Und das Argument "Übertakten WEIL Gaming" ist an sich quatsch, denn grad bei Games ist eher die Grafikkarte das Wichtige   der Takt zählt eher bei nicht-Gaming-Anwendungen.

Wenn Du aber beim OC sicher bis, dann ist das okay, auch wenn ich den Dark Rock Pro3 für sehr übertrieben halte, wenn du nicht grad ganz extreme-OC-Fan bist. Mit nem zB Thermalright Macho HR-02 wirst du aber auch fast genau so gut übertakten können.  Und auch wichtig: mit dem fetten Kühler kann es wegen des RAMs Probleme geben, wenn es so "Kühlrippen" hat. An sich bringen die nix, kannst auch welches ohne Rippen nehmen, und an sich ist es auch egal, ob DDR3-1600 oder schneller. 

Grafikkarte: gut, aber an sich grad die MSI derzeit zu teuer. Eine MSI R9 290 mit gleichem Kühlerkonzept  kostet nur 270€ - und die GTX 970 von MSI ist keine 10% schneller. Wenn es unbedingt ne GTX 970 sein muss, würd ich eher schauen, was man um die 310-320€ bekommt mit 2-3 Lüftern. 

Dann noch: die "Pro" bei der SSD ist unnötig, die bringt Dir keinen merkbaren Vorteil. Die WD "Black" ist an sich auch nicht merkbar schneller als eine Standard-HDD mit 7200 U/Min, KANN aber eher mal laut brummen.

Das Gehäuse ist ganz schön groß und teuer - wenn es Dir richtig gut gefällt: okay. Aber ansonsten tut es auch ein 60€-Gehäuse.

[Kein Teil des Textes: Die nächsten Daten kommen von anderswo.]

lemma skmult_list_conv_sum:
  "skmult_list \<sigma> \<delta> xs Q = (\<Sum>i<length xs. lsmult (xs ! i) ((tmul \<sigma> \<delta> ^^ i) Q))"
proof (induction xs arbitrary: Q)
  case Nil
  show ?case by simp
next
  case (Cons a as)
  show ?case
    unfolding length_Cons sum.lessThan_Suc_shift
    by (simp add: Cons funpow_Suc_right del: funpow.simps)
qed

lemma skew_mult_conv_sum:
  assumes "length (coeffs P) \<le> N"
  shows "skew_mult \<sigma> \<delta> P Q = (\<Sum>i<N. lsmult (coeff P i) ((tmul \<sigma> \<delta> ^^ i) Q))"
proof -
  have "skew_mult \<sigma> \<delta> P Q = (\<Sum>i<length (coeffs P). lsmult (coeff P i) ((tmul \<sigma> \<delta> ^^ i) Q))"
    unfolding skew_mult_def skmult_list_conv_sum
    by (rule sum.cong) (auto simp: nth_default_coeffs_eq[symmetric] nth_default_def)
  also have "\<dots> = (\<Sum>i<N. lsmult (coeff P i) ((tmul \<sigma> \<delta> ^^ i) Q))"
    by (rule sum.mono_neutral_left)
      (use assms in \<open>auto simp: nth_default_coeffs_eq[symmetric] nth_default_def\<close>)
  finally show ?thesis .
qed

lemma length_coeffs_le_Suc_degree: "length (coeffs p) \<le> Suc (degree p)"
  by (cases "p = 0") (simp_all add: length_coeffs_degree)

lemma coeff_skew_mult:
  "coeff (skew_mult \<sigma> \<delta> P Q) k = (\<Sum>i<Suc (degree P). coeff P i * coeff ((tmul \<sigma> \<delta> ^^ i) Q) k)"
  by (simp add: skew_mult_conv_sum[OF length_coeffs_le_Suc_degree] coeff_sum)

lemma skew_mult_diff_left:
  "skew_mult \<sigma> \<delta> (P1 - P2) Q = skew_mult \<sigma> \<delta> P1 Q - skew_mult \<sigma> \<delta> P2 Q"
proof -
  define N where "N = length (coeffs P1) + length (coeffs P2) + length (coeffs (P1 - P2))"
  have "skew_mult \<sigma> \<delta> (P1 - P2) Q = (\<Sum>i<N. lsmult (coeff (P1 - P2) i) ((tmul \<sigma> \<delta> ^^ i) Q))"
    by (rule skew_mult_conv_sum) (simp add: N_def)
  also have "\<dots> = (\<Sum>i<N. lsmult (coeff P1 i) ((tmul \<sigma> \<delta> ^^ i) Q)
                        - lsmult (coeff P2 i) ((tmul \<sigma> \<delta> ^^ i) Q))"
    by (rule sum.cong) (auto simp: poly_eq_iff algebra_simps)
  also have "\<dots> = skew_mult \<sigma> \<delta> P1 Q - skew_mult \<sigma> \<delta> P2 Q"
    by (simp add: sum_subtractf skew_mult_conv_sum[of P1 N] skew_mult_conv_sum[of P2 N] N_def)
  finally show ?thesis .
qed

lemma skew_mult_0_left [simp]: "skew_mult \<sigma> \<delta> 0 Q = 0"
  by (simp add: skew_mult_def)

lemma skew_mult_1_left [simp]: "skew_mult \<sigma> \<delta> [:1:] Q = Q"
  by (simp add: skew_mult_def poly_eq_iff)

lemma degree_T_minus [simp]: "degree (T_minus b) = 1"
  and T_minus_nonzero [simp]: "T_minus b \<noteq> 0"
  by (simp_all add: T_minus_def)

locale sigma_derivation_pair =
  fixes \<sigma> \<delta> :: "'a::division_ring \<Rightarrow> 'a"
  assumes ring_endo: "ring_endo \<sigma>"
    and sigma_derivation: "sigma_derivation \<sigma> \<delta>"
begin

sublocale sigma: additive \<sigma>
  by standard (use ring_endo in \<open>simp add: ring_endo_def\<close>)

sublocale delta: additive \<delta>
  by standard (use sigma_derivation in \<open>simp add: sigma_derivation_def\<close>)

lemmas [simp] = sigma.zero delta.zero

lemma sigma_mult: "\<sigma> (x * y) = \<sigma> x * \<sigma> y"
  and sigma_one [simp]: "\<sigma> 1 = 1"
  using ring_endo by (simp_all add: ring_endo_def)

lemma delta_mult: "\<delta> (x * y) = \<sigma> x * \<delta> y + \<delta> x * y"
  using sigma_derivation by (simp add: sigma_derivation_def)

lemma delta_one [simp]: "\<delta> 1 = 0"
  using delta_mult[of 1 1] by simp

lemma sigma_eq_0_iff [simp]: "\<sigma> x = 0 \<longleftrightarrow> x = 0"
proof
  assume "\<sigma> x = 0"
  hence "\<sigma> (x * inverse x) = 0" by (simp add: sigma_mult)
  thus "x = 0" by (cases "x = 0") simp_all
qed simp

lemma sigma_power_eq_0_iff [simp]: "(\<sigma> ^^ i) x = 0 \<longleftrightarrow> x = 0"
  by (induction i) simp_all

lemma coeff_tmul_0: "coeff (tmul \<sigma> \<delta> Q) 0 = \<delta> (coeff Q 0)"
  and coeff_tmul_Suc: "coeff (tmul \<sigma> \<delta> Q) (Suc n) = \<sigma> (coeff Q n) + \<delta> (coeff Q (Suc n))"
  by (simp_all add: tmul_def coeff_map_poly)

lemma tmul_diff: "tmul \<sigma> \<delta> (Q1 - Q2) = tmul \<sigma> \<delta> Q1 - tmul \<sigma> \<delta> Q2"
proof (rule poly_eqI)
  fix k
  show "coeff (tmul \<sigma> \<delta> (Q1 - Q2)) k = coeff (tmul \<sigma> \<delta> Q1 - tmul \<sigma> \<delta> Q2) k"
    by (cases k) (simp_all add: coeff_tmul_0 coeff_tmul_Suc sigma.diff delta.diff)
qed

lemma tmul_power_diff:
  "(tmul \<sigma> \<delta> ^^ i) (Q1 - Q2) = (tmul \<sigma> \<delta> ^^ i) Q1 - (tmul \<sigma> \<delta> ^^ i) Q2"
  by (induction i) (simp_all add: tmul_diff)

lemma skew_mult_diff_right:
  "skew_mult \<sigma> \<delta> P (Q1 - Q2) = skew_mult \<sigma> \<delta> P Q1 - skew_mult \<sigma> \<delta> P Q2"
  by (simp add: skew_mult_conv_sum[of P "length (coeffs P)"] tmul_power_diff sum_subtractf
      poly_eq_iff coeff_sum algebra_simps)

lemma skew_mult_0_right [simp]: "skew_mult \<sigma> \<delta> P 0 = 0"
  using skew_mult_diff_right[of P 0 0] by simp

lemma degree_lead_coeff_tmul:
  assumes "Q \<noteq> 0"
  shows "degree (tmul \<sigma> \<delta> Q) = Suc (degree Q) \<and> lead_coeff (tmul \<sigma> \<delta> Q) = \<sigma> (lead_coeff Q)"
proof -
  have "coeff (tmul \<sigma> \<delta> Q) k = 0" if "k > Suc (degree Q)" for k
    using that by (cases k) (simp_all add: coeff_tmul_Suc coeff_eq_0)
  hence "degree (tmul \<sigma> \<delta> Q) \<le> Suc (degree Q)"
    by (intro degree_le) auto
  moreover have "coeff (tmul \<sigma> \<delta> Q) (Suc (degree Q)) = \<sigma> (lead_coeff Q)"
    by (simp add: coeff_tmul_Suc coeff_eq_0)
  moreover have "\<sigma> (lead_coeff Q) \<noteq> 0"
    using assms by simp
  ultimately show ?thesis
    by (metis le_antisym le_degree)
qed

lemma degree_lead_coeff_tmul_power:
  assumes "Q \<noteq> 0"
  shows "degree ((tmul \<sigma> \<delta> ^^ i) Q) = degree Q + i
    \<and> lead_coeff ((tmul \<sigma> \<delta> ^^ i) Q) = (\<sigma> ^^ i) (lead_coeff Q)"
proof (induction i)
  case (Suc i)
  define X where "X = (tmul \<sigma> \<delta> ^^ i) Q"
  have "X \<noteq> 0"
    using Suc assms unfolding X_def by (metis leading_coeff_0_iff sigma_power_eq_0_iff)
  hence "degree (tmul \<sigma> \<delta> X) = Suc (degree X)" "lead_coeff (tmul \<sigma> \<delta> X) = \<sigma> (lead_coeff X)"
    using degree_lead_coeff_tmul by blast+
  with Suc.IH show ?case
    unfolding X_def by (metis add_Suc_right comp_apply funpow.simps(2))
qed simp

lemma coeff_skew_mult_above:
  assumes "Q \<noteq> 0" "k > degree P + degree Q"
  shows "coeff (skew_mult \<sigma> \<delta> P Q) k = 0"
  unfolding coeff_skew_mult
proof (rule sum.neutral, intro ballI)
  fix i assume "i \<in> {..<Suc (degree P)}"
  hence "k > degree ((tmul \<sigma> \<delta> ^^ i) Q)"
    using assms degree_lead_coeff_tmul_power[OF assms(1)] by auto
  thus "coeff P i * coeff ((tmul \<sigma> \<delta> ^^ i) Q) k = 0"
    by (simp add: coeff_eq_0)
qed

lemma coeff_skew_mult_top:
  assumes "Q \<noteq> 0"
  shows "coeff (skew_mult \<sigma> \<delta> P Q) (degree P + degree Q) = lead_coeff P * (\<sigma> ^^ degree P) (lead_coeff Q)"
proof -
  have "coeff ((tmul \<sigma> \<delta> ^^ i) Q) (degree P + degree Q) = 0" if "i < degree P" for i
    using that degree_lead_coeff_tmul_power[OF assms, of i] by (simp add: coeff_eq_0)
  moreover have "coeff ((tmul \<sigma> \<delta> ^^ degree P) Q) (degree P + degree Q)
      = (\<sigma> ^^ degree P) (lead_coeff Q)"
    using degree_lead_coeff_tmul_power[OF assms, of "degree P"] by (metis add.commute)
  ultimately show ?thesis
    by (simp add: coeff_skew_mult)
qed

lemma skew_mult_eq_0_iff [simp]: "skew_mult \<sigma> \<delta> P Q = 0 \<longleftrightarrow> P = 0 \<or> Q = 0"
  by (metis coeff_0 coeff_skew_mult_top leading_coeff_0_iff mult_eq_0_iff sigma_power_eq_0_iff
      skew_mult_0_left skew_mult_0_right)

lemma degree_skew_mult:
  assumes "P \<noteq> 0" "Q \<noteq> 0"
  shows "degree (skew_mult \<sigma> \<delta> P Q) = degree P + degree Q"
proof (rule antisym)
  show "degree (skew_mult \<sigma> \<delta> P Q) \<le> degree P + degree Q"
    using coeff_skew_mult_above[OF assms(2)] by (intro degree_le) auto
  show "degree P + degree Q \<le> degree (skew_mult \<sigma> \<delta> P Q)"
    using assms coeff_skew_mult_top[OF assms(2)] by (intro le_degree) simp
qed

lemma tmul_power_1: "(tmul \<sigma> \<delta> ^^ i) [:1:] = monom 1 i"
proof (induction i)
  case 0
  show ?case by (simp add: monom_0)
next
  case (Suc i)
  have "tmul \<sigma> \<delta> (monom 1 i) = monom 1 (Suc i)"
  proof (rule poly_eqI)
    fix n
    show "coeff (tmul \<sigma> \<delta> (monom 1 i)) n = coeff (monom 1 (Suc i)) n"
      by (cases n) (simp_all add: coeff_monom coeff_tmul_0 coeff_tmul_Suc)
  qed
  with Suc show ?case by simp
qed

lemma skew_mult_1_right [simp]: "skew_mult \<sigma> \<delta> P [:1:] = P"
proof -
  have "skew_mult \<sigma> \<delta> P [:1:] = (\<Sum>i\<le>degree P. monom (coeff P i) i)"
    unfolding skew_mult_conv_sum[of P "Suc (degree P)", OF length_coeffs_le_Suc_degree] lessThan_Suc_atMost
    by (rule sum.cong) (auto simp: tmul_power_1 poly_eq_iff coeff_monom)
  also have "\<dots> = P" by (rule poly_as_sum_of_monoms)
  finally show ?thesis .
qed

Das Netzteil ist viel zu viel. Be Quiet E9-CM 480W - das reicht dicke. Und ist auch noch effizienter.

WLAN: wenn es unbedingt WLAN sein muss, dann okay. Wobei Sticks für USB an sich sogar "sicherer" sind, da die weitaus meisten User nen Stick nehmen, weil das unkomplizierter ist, und die Hersteller daher da mehr Erfahrung haben - auch in Sachen Treibersupport.

BluRay: am PC sinnlos, erst Recht BluRay-Brennfunktion. Wenn Du BD schauen willst: kauf die lieber nen separaten Player. Die sind auch nicht teurer als ein BD-Laufwerk + die nötige Playersoftware. 

Soundkarte: nur wenn du  ECHT gute Boxen oder Kopfhörer (ohne USB!) hast.


----------



## JohnnyBeton (25. November 2014)

Vielen Dank für deine Analyse und Meinung 

Zur SSD: Wäre denn die EVO in Punkto Effizienz und Zuverlässigkeit nahezu gleichwertig wie die PRO?

GraKa: Auf Grund schlechter Erfahrungen in der Vergangenheit mit Radeon Karten, neige ich persönlich immer zu Nvidia. Werd mir aber noch mal Vergleiche zwischen den Karten anschauen.

Netzteil: Wieweit denkst du wäre denn ein 480W NT ausgelastet bei der Config? Und bei einer evtl. 2. GraKa, würde das noch reichen? (2.GraKa ist noch Zukunftsmusik) 

W-Lan: Komm ich auf Grund der Raumaufteilung wohl nicht drum rum..... (Noch ein Kabel, was durch 3 Räume verlegt wird, da kommt bei meiner Frau keine Freude auf )
             Was würdest du alternativ empfehlen?

BluRay: Guter Einwand, hab ich auch noch keine Erfahrungsberichte im Bekanntenkreis gehört und dachte mir, warum nicht..... 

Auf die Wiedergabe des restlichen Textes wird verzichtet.